───── DATA FOR REVIEW

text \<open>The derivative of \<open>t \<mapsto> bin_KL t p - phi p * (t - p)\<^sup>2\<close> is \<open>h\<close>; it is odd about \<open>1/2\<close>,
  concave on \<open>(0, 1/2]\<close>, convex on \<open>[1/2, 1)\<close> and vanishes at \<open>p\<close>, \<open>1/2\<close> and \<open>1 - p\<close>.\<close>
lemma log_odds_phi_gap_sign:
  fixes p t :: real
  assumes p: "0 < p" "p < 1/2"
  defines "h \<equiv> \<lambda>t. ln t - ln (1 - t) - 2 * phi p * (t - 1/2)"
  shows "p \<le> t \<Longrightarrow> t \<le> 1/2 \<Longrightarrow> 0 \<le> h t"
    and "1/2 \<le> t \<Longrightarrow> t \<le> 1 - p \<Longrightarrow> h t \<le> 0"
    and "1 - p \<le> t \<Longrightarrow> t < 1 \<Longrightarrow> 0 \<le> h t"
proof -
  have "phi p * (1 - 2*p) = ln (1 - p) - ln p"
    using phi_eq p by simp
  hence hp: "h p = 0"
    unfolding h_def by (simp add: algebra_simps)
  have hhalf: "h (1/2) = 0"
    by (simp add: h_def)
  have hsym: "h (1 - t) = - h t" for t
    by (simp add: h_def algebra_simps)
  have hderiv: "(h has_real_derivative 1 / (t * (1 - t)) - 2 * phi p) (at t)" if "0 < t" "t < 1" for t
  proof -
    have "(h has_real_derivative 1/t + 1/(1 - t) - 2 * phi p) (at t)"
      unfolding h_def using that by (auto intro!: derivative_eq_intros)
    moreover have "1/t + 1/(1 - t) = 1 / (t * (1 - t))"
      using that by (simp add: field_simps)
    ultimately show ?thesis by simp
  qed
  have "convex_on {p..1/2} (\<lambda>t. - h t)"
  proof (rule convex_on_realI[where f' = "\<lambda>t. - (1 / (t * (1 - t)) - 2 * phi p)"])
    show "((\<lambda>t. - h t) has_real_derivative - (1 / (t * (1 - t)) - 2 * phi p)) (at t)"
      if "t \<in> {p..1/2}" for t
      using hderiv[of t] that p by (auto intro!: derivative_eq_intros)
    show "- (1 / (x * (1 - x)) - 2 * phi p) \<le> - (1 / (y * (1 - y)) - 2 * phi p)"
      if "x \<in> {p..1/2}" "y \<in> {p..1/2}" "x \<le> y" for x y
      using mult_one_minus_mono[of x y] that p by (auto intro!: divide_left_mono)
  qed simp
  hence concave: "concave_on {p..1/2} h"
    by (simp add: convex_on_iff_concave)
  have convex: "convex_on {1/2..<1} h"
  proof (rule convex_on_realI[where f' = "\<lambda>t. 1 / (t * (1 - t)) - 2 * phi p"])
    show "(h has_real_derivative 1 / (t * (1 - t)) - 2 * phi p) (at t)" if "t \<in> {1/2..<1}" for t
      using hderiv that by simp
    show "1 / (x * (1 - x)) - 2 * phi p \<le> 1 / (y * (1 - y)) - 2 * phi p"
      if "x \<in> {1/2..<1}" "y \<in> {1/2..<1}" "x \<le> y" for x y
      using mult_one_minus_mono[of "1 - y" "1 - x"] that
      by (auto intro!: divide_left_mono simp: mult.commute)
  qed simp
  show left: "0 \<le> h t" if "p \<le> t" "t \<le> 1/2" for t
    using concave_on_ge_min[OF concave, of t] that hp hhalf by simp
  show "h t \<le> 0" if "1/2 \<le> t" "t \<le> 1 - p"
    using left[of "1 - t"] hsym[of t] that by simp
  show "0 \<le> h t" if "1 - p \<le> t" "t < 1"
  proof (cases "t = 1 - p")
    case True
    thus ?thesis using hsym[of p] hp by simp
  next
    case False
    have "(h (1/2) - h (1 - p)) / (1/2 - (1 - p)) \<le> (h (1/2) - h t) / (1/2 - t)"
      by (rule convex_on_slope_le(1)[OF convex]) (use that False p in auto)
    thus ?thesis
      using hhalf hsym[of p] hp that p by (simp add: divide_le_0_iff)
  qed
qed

──────────

WHAT THIS TASK INVOLVES: All records shown above are to be reproduced without any alteration.

ANSWER BOX:
text \<open>The derivative of \<open>t \<mapsto> bin_KL t p - phi p * (t - p)\<^sup>2\<close> is \<open>h\<close>; it is odd about \<open>1/2\<close>,
  concave on \<open>(0, 1/2]\<close>, convex on \<open>[1/2, 1)\<close> and vanishes at \<open>p\<close>, \<open>1/2\<close> and \<open>1 - p\<close>.\<close>
lemma log_odds_phi_gap_sign:
  fixes p t :: real
  assumes p: "0 < p" "p < 1/2"
  defines "h \<equiv> \<lambda>t. ln t - ln (1 - t) - 2 * phi p * (t - 1/2)"
  shows "p \<le> t \<Longrightarrow> t \<le> 1/2 \<Longrightarrow> 0 \<le> h t"
    and "1/2 \<le> t \<Longrightarrow> t \<le> 1 - p \<Longrightarrow> h t \<le> 0"
    and "1 - p \<le> t \<Longrightarrow> t < 1 \<Longrightarrow> 0 \<le> h t"
proof -
  have "phi p * (1 - 2*p) = ln (1 - p) - ln p"
    using phi_eq p by simp
  hence hp: "h p = 0"
    unfolding h_def by (simp add: algebra_simps)
  have hhalf: "h (1/2) = 0"
    by (simp add: h_def)
  have hsym: "h (1 - t) = - h t" for t
    by (simp add: h_def algebra_simps)
  have hderiv: "(h has_real_derivative 1 / (t * (1 - t)) - 2 * phi p) (at t)" if "0 < t" "t < 1" for t
  proof -
    have "(h has_real_derivative 1/t + 1/(1 - t) - 2 * phi p) (at t)"
      unfolding h_def using that by (auto intro!: derivative_eq_intros)
    moreover have "1/t + 1/(1 - t) = 1 / (t * (1 - t))"
      using that by (simp add: field_simps)
    ultimately show ?thesis by simp
  qed
  have "convex_on {p..1/2} (\<lambda>t. - h t)"
  proof (rule convex_on_realI[where f' = "\<lambda>t. - (1 / (t * (1 - t)) - 2 * phi p)"])
    show "((\<lambda>t. - h t) has_real_derivative - (1 / (t * (1 - t)) - 2 * phi p)) (at t)"
      if "t \<in> {p..1/2}" for t
      using hderiv[of t] that p by (auto intro!: derivative_eq_intros)
    show "- (1 / (x * (1 - x)) - 2 * phi p) \<le> - (1 / (y * (1 - y)) - 2 * phi p)"
      if "x \<in> {p..1/2}" "y \<in> {p..1/2}" "x \<le> y" for x y
      using mult_one_minus_mono[of x y] that p by (auto intro!: divide_left_mono)
  qed simp
  hence concave: "concave_on {p..1/2} h"
    by (simp add: convex_on_iff_concave)
  have convex: "convex_on {1/2..<1} h"
  proof (rule convex_on_realI[where f' = "\<lambda>t. 1 / (t * (1 - t)) - 2 * phi p"])
    show "(h has_real_derivative 1 / (t * (1 - t)) - 2 * phi p) (at t)" if "t \<in> {1/2..<1}" for t
      using hderiv that by simp
    show "1 / (x * (1 - x)) - 2 * phi p \<le> 1 / (y * (1 - y)) - 2 * phi p"
      if "x \<in> {1/2..<1}" "y \<in> {1/2..<1}" "x \<le> y" for x y
      using mult_one_minus_mono[of "1 - y" "1 - x"] that
      by (auto intro!: divide_left_mono simp: mult.commute)
  qed simp
  show left: "0 \<le> h t" if "p \<le> t" "t \<le> 1/2" for t
    using concave_on_ge_min[OF concave, of t] that hp hhalf by simp
  show "h t \<le> 0" if "1/2 \<le> t" "t \<le> 1 - p"
    using left[of "1 - t"] hsym[of t] that by simp
  show "0 \<le> h t" if "1 - p \<le> t" "t < 1"
  proof (cases "t = 1 - p")
    case True
    thus ?thesis using hsym[of p] hp by simp
  next
    case False
    have "(h (1/2) - h (1 - p)) / (1/2 - (1 - p)) \<le> (h (1/2) - h t) / (1/2 - t)"
      by (rule convex_on_slope_le(1)[OF convex]) (use that False p in auto)
    thus ?thesis
      using hhalf hsym[of p] hp that p by (simp add: divide_le_0_iff)
  qed
qed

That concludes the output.